Published: June, 2013

Submission: November, 2013


On Friday June 14, 2013, the Supreme Court of Canada released its eagerly-awaited decision, Communications, Energy and Paperworkers Union of Canada, Local 30 v. Irving Pulp & Paper, Ltd., 2013 SCC 34, a case concerning random alcohol testing at a paper mill operation in  Saint John, New Brunswick. A majority of the Court upheld the decision  of the labour arbitration board that mandatory random alcohol testing by breathalyzer was not permitted even though it was limited to employees  in safety-sensitive positions.

The Court unanimously agreed that, in a unionized setting, any rule  or policy unilaterally adopted by an employer and not subsequently  agreed to by a union must be consistent with the collective agreement  and be reasonable.
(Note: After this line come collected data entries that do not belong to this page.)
lemma gram_flow_stays_diagonal:
  fixes D :: "real^'n^'n" and P :: "real \<Rightarrow> real^'n^'n"
  assumes D: "diagonal_matrix D" and P0: "diagonal_matrix (P 0)"
    and P': "\<And>s. 0 \<le> s \<Longrightarrow> (P has_vector_derivative gram_field D (P s)) (at s within {0..})"
    and "0 \<le> t"
  shows "diagonal_matrix (P t)"
proof -
  define \<phi> where "\<phi> = (\<lambda>s. (norm (offdiag (P s)))\<^sup>2)"
  have \<phi>_der: "(\<phi> has_real_derivative 2 * inner (offdiag (P s)) (gram_field D (P s))) (at s within {0..})"
    if "0 \<le> s" for s
  proof -
    have "((\<lambda>s. offdiag (P s)) has_vector_derivative offdiag (gram_field D (P s))) (at s within {0..})"
      by (rule bounded_linear.has_vector_derivative[OF bounded_linear_offdiag P'[OF that]])
    note inner_der = bounded_bilinear.has_vector_derivative[OF bounded_bilinear_inner this this]
    have eq: "inner (offdiag (P s)) (offdiag (gram_field D (P s)))
        + inner (offdiag (gram_field D (P s))) (offdiag (P s))
        = 2 * inner (offdiag (P s)) (gram_field D (P s))"
      using inner_offdiag_offdiag[of "P s" "gram_field D (P s)"]
        inner_commute[of "offdiag (gram_field D (P s))" "offdiag (P s)"] by linarith
    show ?thesis
      using inner_der unfolding eq
      by (simp add: \<phi>_def power2_norm_eq_inner has_real_derivative_iff_has_vector_derivative)
  qed
  have "continuous_on {0..t} P"
    unfolding continuous_on_eq_continuous_within
  proof
    fix s assume "s \<in> {0..t}"
    then have "continuous (at s within {0..}) P"
      using P' by (auto intro: has_vector_derivative_continuous)
    then show "continuous (at s within {0..t}) P"
      by (rule continuous_within_subset) auto
  qed
  then have "bounded (P ` {0..t})"
    by (intro compact_imp_bounded compact_continuous_image compact_Icc)
  then obtain M where M: "\<And>s. s \<in> {0..t} \<Longrightarrow> norm (P s) \<le> M"
    unfolding bounded_iff by blast
  have "\<phi> t = 0"
  proof (rule gronwall_zero[where \<phi> = \<phi> and t = t and K = "2 * (norm D + 2 * M)"])
    fix s assume s: "0 \<le> s" "s \<le> t"
    have "2 * inner (offdiag (P s)) (gram_field D (P s)) \<le> 2 * ((norm D + 2 * norm (P s)) * \<phi> s)"
      using inner_offdiag_gram_field_le[OF D, of "P s"] by (simp add: \<phi>_def)
    also have "\<dots> \<le> 2 * ((norm D + 2 * M) * \<phi> s)"
      using M[of s] s by (simp add: \<phi>_def mult_right_mono)
    finally show "2 * inner (offdiag (P s)) (gram_field D (P s)) \<le> 2 * (norm D + 2 * M) * \<phi> s"
      by (simp only: mult.assoc)
  qed (use \<phi>_der P0 \<open>0 \<le> t\<close> in \<open>auto simp: \<phi>_def offdiag_eq_0_iff\<close>)
  then show ?thesis
    by (simp add: \<phi>_def offdiag_eq_0_iff)
qed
For random alcohol testing, the Court similarly  agreed that the employer must first establish that there is a substance  abuse problem in a safety sensitive work environment to justify such  testing as reasonable.

Writing for the majority, Madam Justice Abella found that the  unilateral imposition of the random alcohol testing policy by the  employer was not justified because there was insufficient evidence of a  substance abuse problem in the workplace. While the Court did not take  issue with the finding that certain positions in the paper mill were  safety sensitive, the majority found that the employer’s evidence, which amounted to seven instances over fifteen years where employees were  under the influence of alcohol, consuming alcohol, or in the possession  of alcohol on company premises as well as testimony by a former  superintendent of a pervasive alcohol abuse problem at the mill, did not demonstrate a significant problem with workplace alcohol use which  could justify the imposition of random alcohol testing. The majority  noted that random testing, be it by blood, urine, or breathalyzer,  amounted to a significant infringement of employees’ privacy rights.

For employers in a unionized setting, the decision confirms that  random alcohol testing for safety sensitive positions will only be
permitted where there is evidence of a substance abuse problem in the  workplace or where testing is agreed-to by the union through the  collective bargaining process. An “inherently dangerous” or “safety  sensitive” work environment is not, in and of itself, sufficient to  justify the imposition of random drug or alcohol testing. The  evidentiary standard required to justify random testing appears to be
something more than a half-dozen recorded instances of alcohol abuse  and, based on the reasons of the dissenting judges including the Chief  Justice, it is likely that a higher standard is required to justify  random drug testing than random alcohol testing. The decision does,  however, confirm that alcohol and drug testing is permitted where there  is reasonable cause to suspect impairment or following an accident in  the workplace, or where an employee returns to work after treatment for  substance abuse.